§ Problem details
Tally the lines in the material below that hold the string "then" and report the tally alone.

§ Supplied data

(* Let $T:X\rightrightarrows X^*$ be a multivalued operator. If $S(T,K)=S(T^\rho,K)$ for all $K\subset X$, or $M(T,K)=M(T^\rho,K)$ for all $K\subset X$, then $T$ is pre-maximal pseudomonotone.
   Context: $X$ is a real Banach space with dual $X^*$ and pairing $\langle x,x^*\rangle=x^*(x)$. A multivalued operator $T:X\rightrightarrows X^*$ is identified with its graph $T\subset X\times X^*$; $T(x)=\{x^*:(x,x^* )\in T\}$. For $K\subset X$: $S(T,K)=\{x\in K: \exists x^*\in T(x),\ \langle y-x,x^*\rangle\ge0\ \forall y\in K\}$ and $M(T,K)=\{x\in K: \langle x-y,y^*\rangle\le0\ \forall (y,y^* )\in T \text{ with } y\in K\}$. For $(x,x^* ),(y,y^* )\in X\times X^*$, write $(x,x^* )\sim_p(y,y^* )$ if either $\min\{\langle x-y,y^*\rangle,\langle y-x,x^*\rangle\}<0$ or $\langle x-y,y^*\rangle=\langle y-x,x^*\rangle=0$. The pseudomonotone polar is $T^\rho=\{(x,x^* ): (x,x^* )\sim_p(y,y^* )\ \forall (y,y^* )\in T\}$. $T$ is pseudomonotone if for all $(x,x^* ),(y,y^* )\in T$, $\langle y-x,x^*\rangle\ge0$ implies $\langle y-x,y^*\rangle\ge0$; $T$ is pre-maximal pseudomonotone if both $T$ and $T^\rho$ are pseudomonotone. *)

theory Defs
  imports "HOL-Analysis.Analysis"
begin

text \<open>X is a real Banach space ('a::banach), X* is the space of continuous linear
functionals (type blinfun); the pairing is blinfun application.
A multivalued operator is identified with its graph.\<close>

type_synonym 'a mop = "('a \<times> ('a \<Rightarrow>\<^sub>L real)) set"

definition pair :: "'a::banach \<Rightarrow> ('a \<Rightarrow>\<^sub>L real) \<Rightarrow> real" where
  "pair x xs = blinfun_apply xs x"

definition SolStampacchia :: "'a::banach mop \<Rightarrow> 'a set \<Rightarrow> 'a set" where
  "SolStampacchia T K = {x \<in> K. \<exists>xs. (x, xs) \<in> T \<and> (\<forall>y\<in>K. pair (y - x) xs \<ge> 0)}"

definition SolMinty :: "'a::banach mop \<Rightarrow> 'a set \<Rightarrow> 'a set" where
  "SolMinty T K = {x \<in> K. \<forall>y ys. (y, ys) \<in> T \<and> y \<in> K \<longrightarrow> pair (x - y) ys \<le> 0}"

definition psim :: "'a::banach \<times> ('a \<Rightarrow>\<^sub>L real) \<Rightarrow> 'a \<times> ('a \<Rightarrow>\<^sub>L real) \<Rightarrow> bool" where
  "psim p q = (case p of (x, xs) \<Rightarrow> case q of (y, ys) \<Rightarrow>
      min (pair (x - y) ys) (pair (y - x) xs) < 0 \<or>
      (pair (x - y) ys = 0 \<and> pair (y - x) xs = 0))"

definition pm_polar :: "'a::banach mop \<Rightarrow> 'a mop" where
  "pm_polar T = {p. \<forall>q\<in>T. psim p q}"

definition pseudomonotone :: "'a::banach mop \<Rightarrow> bool" where
  "pseudomonotone T = (\<forall>x xs y ys. (x, xs) \<in> T \<and> (y, ys) \<in> T \<longrightarrow>
      pair (y - x) xs \<ge> 0 \<longrightarrow> pair (y - x) ys \<ge> 0)"

definition pre_maximal_pseudomonotone :: "'a::banach mop \<Rightarrow> bool" where
  "pre_maximal_pseudomonotone T = (pseudomonotone T \<and> pseudomonotone (pm_polar T))"

end

theory Submission
  imports Defs
begin

text \<open>Both hypotheses are only needed on two-point sets \<open>K = {x, y}\<close>. Every element of \<open>T\<close> is
  \<open>\<sim>\<^sub>p\<close>-related to every element of \<open>T\<^sup>\<rho>\<close>, and \<open>\<sim>\<^sub>p\<close> transports the sign condition of
  pseudomonotonicity from one element to the other. So if \<open>x\<close> solves the variational problem on
  \<open>{x, y}\<close> for one operator, it solves it for the other, and the resulting dual element at \<open>x\<close>
  (Stampacchia) or the Minty inequality at \<open>y\<close> yields \<open>\<langle>y - x, y\<^sup>*\<rangle> \<ge> 0\<close>.\<close>

lemma pair_minus_swap: "pair (x - y) a = - pair (y - x) a"
  by (simp add: pair_def blinfun.diff_right)

lemma pair_zero_left [simp]: "pair 0 a = 0"
  by (simp add: pair_def)

lemma psim_commute: "psim p q = psim q p"
  by (cases p; cases q) (auto simp: psim_def min.commute)

lemma psim_nonneg_transfer:
  assumes "psim (x, xs) (y, ys)" and "pair (y - x) xs \<ge> 0"
  shows "pair (y - x) ys \<ge> 0"
  using assms pair_minus_swap[of x y ys]
  unfolding psim_def by (auto simp: min_def split: if_splits)

lemma psim_pm_polar: "p \<in> pm_polar T \<Longrightarrow> q \<in> T \<Longrightarrow> psim p q"
  by (simp add: pm_polar_def)

lemma pseudomonotone_if_Stampacchia_subset:
  assumes related: "\<And>p q. p \<in> A \<Longrightarrow> q \<in> B \<Longrightarrow> psim p q"
    and sub: "\<And>K. SolStampacchia A K \<subseteq> SolStampacchia B K"
  shows "pseudomonotone A"
  unfolding pseudomonotone_def
proof (intro allI impI, elim conjE)
  fix x xs y ys
  assume x: "(x, xs) \<in> A" and y: "(y, ys) \<in> A" and sign: "pair (y - x) xs \<ge> 0"
  have "x \<in> SolStampacchia A {x, y}"
    using x sign by (auto simp: SolStampacchia_def)
  with sub have "x \<in> SolStampacchia B {x, y}" by blast
  then obtain xb where xb: "(x, xb) \<in> B" and "pair (y - x) xb \<ge> 0"
    by (auto simp: SolStampacchia_def)
  moreover have "psim (x, xb) (y, ys)"
    using related[OF y xb] by (simp add: psim_commute)
  ultimately show "pair (y - x) ys \<ge> 0"
    using psim_nonneg_transfer by blast
qed

lemma pseudomonotone_if_Minty_subset:
  assumes related: "\<And>p q. p \<in> A \<Longrightarrow> q \<in> B \<Longrightarrow> psim p q"
    and sub: "\<And>K. SolMinty B K \<subseteq> SolMinty A K"
  shows "pseudomonotone A"
  unfolding pseudomonotone_def
proof (intro allI impI, elim conjE)
  fix x xs y ys
  assume x: "(x, xs) \<in> A" and y: "(y, ys) \<in> A" and sign: "pair (y - x) xs \<ge> 0"
  have "pair (x - z) zs \<le> 0" if "(z, zs) \<in> B" "z \<in> {x, y}" for z zs
  proof (cases "z = x")
    case False
    with that have "psim (x, xs) (y, zs)"
      using related[OF x] by auto
    with sign False that show ?thesis
      using psim_nonneg_transfer pair_minus_swap[of x y zs] by fastforce
  qed simp
  then have "x \<in> SolMinty B {x, y}"
    by (auto simp: SolMinty_def)
  with sub have "x \<in> SolMinty A {x, y}" by blast
  with y have "pair (x - y) ys \<le> 0"
    by (auto simp: SolMinty_def)
  then show "pair (y - x) ys \<ge> 0"
    using pair_minus_swap[of x y ys] by linarith
qed

theorem mainTheorem19:
  fixes T :: "'a::banach mop"
  assumes "(\<forall>K. SolStampacchia T K = SolStampacchia (pm_polar T) K)
         \<or> (\<forall>K. SolMinty T K = SolMinty (pm_polar T) K)"
  shows "pre_maximal_pseudomonotone T"
proof -
  have T_polar: "psim p q" if "p \<in> T" "q \<in> pm_polar T" for p q
    using psim_pm_polar[OF that(2,1)] by (simp add: psim_commute)
  have polar_T: "psim p q" if "p \<in> pm_polar T" "q \<in> T" for p q
    using psim_pm_polar[OF that] .
  from assms show ?thesis
    unfolding pre_maximal_pseudomonotone_def
  proof
    assume "\<forall>K. SolStampacchia T K = SolStampacchia (pm_polar T) K"
    then show "pseudomonotone T \<and> pseudomonotone (pm_polar T)"
      using pseudomonotone_if_Stampacchia_subset[OF T_polar]
        pseudomonotone_if_Stampacchia_subset[OF polar_T] by simp
  next
    assume "\<forall>K. SolMinty T K = SolMinty (pm_polar T) K"
    then show "pseudomonotone T \<and> pseudomonotone (pm_polar T)"
      using pseudomonotone_if_Minty_subset[OF T_polar]
        pseudomonotone_if_Minty_subset[OF polar_T] by simp
  qed
qed

end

§ Task response
6